(* Let $p\ge1$, $\hat p:=\min(p,2)$, and let $\mathscr N$ be a semi-norm on $\mathbb R^n$ that is $\hat p$-uniformly smooth with constant $S$. Let $\mu$ be the probability measure on $\ker(\mathscr N)^\perp$ with density proportional to $e^{-\mathscr N(x)^{\hat p}}$. Then for every semi-norm $\hat N$ on $\mathbb R^n$ with $\ker(\mathscr N)\subseteq\ker(\hat N)$, $\max_{x\in B_{\mathscr N}}\hat N(x)\le 12S\int\hat N(x)\,d\mu(x).$
   Context: $\ker(N):=\{x:N(x)=0\}$; $B_{\mathscr N}:=\{x:\mathscr N(x)\le1\}$. A semi-norm $\mathscr N$ is $q$-uniformly smooth with constant $S$ if $\frac{\mathscr N(x+y)^q+\mathscr N(x-y)^q}{2}\le\mathscr N(x)^q+\mathscr N(Sy)^q$ for all $x,y$. *)

theory Defs
  imports "HOL-Analysis.Analysis"
begin

definition seminorm :: "('a::real_vector \<Rightarrow> real) \<Rightarrow> bool" where
  "seminorm N \<longleftrightarrow> (\<forall>x. 0 \<le> N x) \<and> (\<forall>c x. N (c *\<^sub>R x) = \<bar>c\<bar> * N x)
     \<and> (\<forall>x y. N (x + y) \<le> N x + N y)"

definition ker_sn :: "('a::real_vector \<Rightarrow> real) \<Rightarrow> 'a set" where
  "ker_sn N = {x. N x = 0}"

definition unit_ball_sn :: "('a::real_vector \<Rightarrow> real) \<Rightarrow> 'a set" where
  "unit_ball_sn N = {x. N x \<le> 1}"

definition uniformly_smooth :: "real \<Rightarrow> real \<Rightarrow> ('a::real_vector \<Rightarrow> real) \<Rightarrow> bool" where
  "uniformly_smooth q S N \<longleftrightarrow>
     (\<forall>x y. (N (x + y) powr q + N (x - y) powr q) / 2 \<le> N x powr q + N (S *\<^sub>R y) powr q)"

definition orth_comp :: "'a::real_inner set \<Rightarrow> 'a set" where
  "orth_comp V = {x. \<forall>y\<in>V. inner x y = 0}"

text \<open>Lebesgue measure on the subspace range L, transported by a linear bijection
  L onto that subspace (determined up to a positive scalar factor), and the probability
  measure on range L with density proportional to exp(-N(x) powr q) w.r.t. it.\<close>
definition subspace_leb :: "('m::euclidean_space \<Rightarrow> 'n::euclidean_space) \<Rightarrow> 'n measure" where
  "subspace_leb L = distr lborel borel L"

definition exp_density_measure ::
  "('m::euclidean_space \<Rightarrow> 'n::euclidean_space) \<Rightarrow> real \<Rightarrow> ('n \<Rightarrow> real) \<Rightarrow> 'n measure" where
  "exp_density_measure L q N =
     (let Z = integral\<^sup>L (subspace_leb L) (\<lambda>x. exp (- (N x powr q)))
      in density (subspace_leb L) (\<lambda>x. ennreal (exp (- (N x powr q)) / Z)))"

end

theory Submission
  imports Defs "HOL-Probability.Distributions"
begin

§ Try it: Wherever the word "longleftrightarrow" appears in the records above, copy that line.

§ Your response:
  "seminorm N \<longleftrightarrow> (\<forall>x. 0 \<le> N x) \<and> (\<forall>c x. N (c *\<^sub>R x) = \<bar>c\<bar> * N x)
  "uniformly_smooth q S N \<longleftrightarrow>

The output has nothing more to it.